(* Let $m,n\in\mathbb{N}$, $q\in(-1,1)\setminus\{0\}$, and $p_\pm,q_\pm\in(-1,1)\setminus\{0\}$ (so that $\alpha_\pm=p_\pm q_\pm$, $\beta_\pm=p_\pm+q_\pm$). (i) For every $\kappa\in\Lambda^{(m,n)}$ the system $$2n\xi_j+v_{p_+}(\xi_j)+v_{q_+}(\xi_j)+v_{p_-}(\xi_j)+v_{q_-}(\xi_j)+\sum_{1\le k\le m,\,k\ne j}\bigl(v_q(\xi_j+\xi_k)+v_q(\xi_j-\xi_k)\bigr)=2\pi(m+1-j+\kappa_j),\quad j=1,\dots,m,$$ has a unique solution $\xi_\kappa\in\mathbb{R}^m$, and $\xi_\kappa$ is the global minimum of the strictly convex, radially unbounded Morse function $V_\kappa$. (ii) The points $\xi_\kappa$, $\kappa\in\Lambda^{(m,n)}$, are pairwise distinct and lie in the open alcove $\mathbb{A}^m=\{\xi\in\mathbb{R}^m\mid\pi>\xi_1>\xi_2>\cdots>\xi_m>0\}$. Moreover, $\xi=\xi_\kappa$ satisfies $$\frac{\pi(m+1-j+\kappa_j)}{n+K_+}\le\xi_j\le\frac{\pi(m+1-j+\kappa_j)}{n+K_-}\quad(1\le j\le m),$$ $$\frac{\pi(k-j+\kappa_j-\kappa_k)}{n+K_+}\le\xi_j-\xi_k\le\frac{\pi(k-j+\kappa_j-\kappa_k)}{n+K_-}\quad(1\le j<k\le m),$$ where $K_\pm=(m-1)\left(\frac{1+|q|}{1-|q|}\right)^{\pm1}+\frac12\left(\left(\frac{1+|p_+|}{1-|p_+|}\right)^{\pm1}+\left(\frac{1+|q_+|}{1-|q_+|}\right)^{\pm1}+\left(\frac{1+|p_-|}{1-|p_-|}\right)^{\pm1}+\left(\frac{1+|q_-|}{1-|q_-|}\right)^{\pm1}\right)$.
   Context: $\Lambda^{(m,n)}=\{\kappa\in\mathbb{Z}^m\mid n\ge\kappa_1\ge\kappa_2\ge\cdots\ge\kappa_m\ge0\}$. For $-1<a<1$, $v_a(z)=\int_0^z\frac{(1-a^2)\,dx}{1-2a\cos(x)+a^2}$. For $\kappa\in\Lambda^{(m,n)}$, $V_\kappa(\xi_1,\dots,\xi_m)=\sum_{1\le j<k\le m}\Bigl(\int_0^{\xi_j+\xi_k}v_q(x)\,dx+\int_0^{\xi_j-\xi_k}v_q(x)\,dx\Bigr)+\sum_{1\le j\le m}\Bigl(n\xi_j^2-2\pi(m+1-j+\kappa_j)\xi_j+\int_0^{\xi_j}\bigl(v_{p_+}(x)+v_{q_+}(x)+v_{p_-}(x)+v_{q_-}(x)\bigr)dx\Bigr)$. *)

theory Defs
  imports "HOL-Analysis.Analysis"
begin

text \<open>Points of R^m are modelled as functions nat => real supported on {1..m}.\<close>

definition Rm :: "nat \<Rightarrow> (nat \<Rightarrow> real) set" where
  "Rm m = {\<xi>. \<forall>j. j \<notin> {1..m} \<longrightarrow> \<xi> j = 0}"

definition Lambda :: "nat \<Rightarrow> nat \<Rightarrow> (nat \<Rightarrow> nat) set" where
  "Lambda m n = {\<kappa>. (\<forall>j\<in>{1..m}. \<kappa> j \<le> n)
                    \<and> (\<forall>j k. 1 \<le> j \<longrightarrow> j \<le> k \<longrightarrow> k \<le> m \<longrightarrow> \<kappa> k \<le> \<kappa> j)
                    \<and> (\<forall>j. j \<notin> {1..m} \<longrightarrow> \<kappa> j = 0)}"

definition oint :: "(real \<Rightarrow> real) \<Rightarrow> real \<Rightarrow> real \<Rightarrow> real" where
  "oint f a b = (if a \<le> b then integral {a..b} f else - integral {b..a} f)"

definition vfun :: "real \<Rightarrow> real \<Rightarrow> real" where
  "vfun a z = oint (\<lambda>x. (1 - a\<^sup>2) / (1 - 2 * a * cos x + a\<^sup>2)) 0 z"

definition Vfun :: "nat \<Rightarrow> nat \<Rightarrow> real \<Rightarrow> real \<Rightarrow> real \<Rightarrow> real \<Rightarrow> real \<Rightarrow> (nat \<Rightarrow> nat)
                     \<Rightarrow> (nat \<Rightarrow> real) \<Rightarrow> real" where
  "Vfun m n q pp qp pm qm \<kappa> \<xi> =
     (\<Sum>j=1..m. \<Sum>k=Suc j..m.
        oint (vfun q) 0 (\<xi> j + \<xi> k) + oint (vfun q) 0 (\<xi> j - \<xi> k))
   + (\<Sum>j=1..m. real n * (\<xi> j)\<^sup>2
        - 2 * pi * (real m + 1 - real j + real (\<kappa> j)) * \<xi> j
        + oint (\<lambda>x. vfun pp x + vfun qp x + vfun pm x + vfun qm x) 0 (\<xi> j))"

definition BAE :: "nat \<Rightarrow> nat \<Rightarrow> real \<Rightarrow> real \<Rightarrow> real \<Rightarrow> real \<Rightarrow> real \<Rightarrow> (nat \<Rightarrow> nat)
                     \<Rightarrow> (nat \<Rightarrow> real) \<Rightarrow> bool" where
  "BAE m n q pp qp pm qm \<kappa> \<xi> \<longleftrightarrow>
     (\<forall>j\<in>{1..m}. 2 * real n * \<xi> j + vfun pp (\<xi> j) + vfun qp (\<xi> j) + vfun pm (\<xi> j) + vfun qm (\<xi> j)
        + (\<Sum>k\<in>{1..m} - {j}. vfun q (\<xi> j + \<xi> k) + vfun q (\<xi> j - \<xi> k))
        = 2 * pi * (real m + 1 - real j + real (\<kappa> j)))"

definition strictly_convex_Rm :: "nat \<Rightarrow> ((nat \<Rightarrow> real) \<Rightarrow> real) \<Rightarrow> bool" where
  "strictly_convex_Rm m f \<longleftrightarrow>
     (\<forall>x\<in>Rm m. \<forall>y\<in>Rm m. \<forall>t::real. x \<noteq> y \<longrightarrow> 0 < t \<longrightarrow> t < 1 \<longrightarrow>
        f (\<lambda>i. (1 - t) * x i + t * y i) < (1 - t) * f x + t * f y)"

definition eucl_norm :: "nat \<Rightarrow> (nat \<Rightarrow> real) \<Rightarrow> real" where
  "eucl_norm m \<xi> = sqrt (\<Sum>j=1..m. (\<xi> j)\<^sup>2)"

definition radially_unbounded_Rm :: "nat \<Rightarrow> ((nat \<Rightarrow> real) \<Rightarrow> real) \<Rightarrow> bool" where
  "radially_unbounded_Rm m f \<longleftrightarrow>
     (\<forall>B. \<exists>R. \<forall>\<xi>\<in>Rm m. eucl_norm m \<xi> \<ge> R \<longrightarrow> f \<xi> \<ge> B)"

definition pd :: "((nat \<Rightarrow> real) \<Rightarrow> real) \<Rightarrow> (nat \<Rightarrow> real) \<Rightarrow> nat \<Rightarrow> real" where
  "pd f \<xi> j = deriv (\<lambda>t. f (\<xi>(j := t))) (\<xi> j)"

definition hess :: "((nat \<Rightarrow> real) \<Rightarrow> real) \<Rightarrow> (nat \<Rightarrow> real) \<Rightarrow> nat \<Rightarrow> nat \<Rightarrow> real" where
  "hess f \<xi> j k = pd (\<lambda>\<eta>. pd f \<eta> k) \<xi> j"

definition C2_Rm :: "nat \<Rightarrow> ((nat \<Rightarrow> real) \<Rightarrow> real) \<Rightarrow> bool" where
  "C2_Rm m f \<longleftrightarrow>
     (\<forall>\<xi>\<in>Rm m. \<forall>j\<in>{1..m}. (\<lambda>t. f (\<xi>(j := t))) differentiable (at (\<xi> j))
        \<and> (\<forall>k\<in>{1..m}. (\<lambda>t. pd f (\<xi>(j := t)) k) differentiable (at (\<xi> j))))
   \<and> (\<forall>j\<in>{1..m}. continuous_on (Rm m) (\<lambda>\<xi>. pd f \<xi> j))
   \<and> (\<forall>j\<in>{1..m}. \<forall>k\<in>{1..m}. continuous_on (Rm m) (\<lambda>\<xi>. hess f \<xi> j k))"

definition morse_Rm :: "nat \<Rightarrow> ((nat \<Rightarrow> real) \<Rightarrow> real) \<Rightarrow> bool" where
  "morse_Rm m f \<longleftrightarrow> C2_Rm m f \<and>
     (\<forall>\<xi>\<in>Rm m. (\<forall>j\<in>{1..m}. pd f \<xi> j = 0) \<longrightarrow>
        (\<forall>h\<in>Rm m. (\<forall>j\<in>{1..m}. (\<Sum>k=1..m. hess f \<xi> j k * h k) = 0) \<longrightarrow> h = (\<lambda>_. 0)))"

definition ratio :: "real \<Rightarrow> real" where
  "ratio a = (1 + \<bar>a\<bar>) / (1 - \<bar>a\<bar>)"

definition Kplus :: "nat \<Rightarrow> real \<Rightarrow> real \<Rightarrow> real \<Rightarrow> real \<Rightarrow> real \<Rightarrow> real" where
  "Kplus m q pp qp pm qm = (real m - 1) * ratio q
     + (ratio pp + ratio qp + ratio pm + ratio qm) / 2"

definition Kminus :: "nat \<Rightarrow> real \<Rightarrow> real \<Rightarrow> real \<Rightarrow> real \<Rightarrow> real \<Rightarrow> real" where
  "Kminus m q pp qp pm qm = (real m - 1) * inverse (ratio q)
     + (inverse (ratio pp) + inverse (ratio qp) + inverse (ratio pm) + inverse (ratio qm)) / 2"

end

theory Submission
  imports Defs
begin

* _WORK REQUEST_
For the word "notin", say how many lines of the listing include it; give nothing but the number.

* _EXERCISE RESULT_
2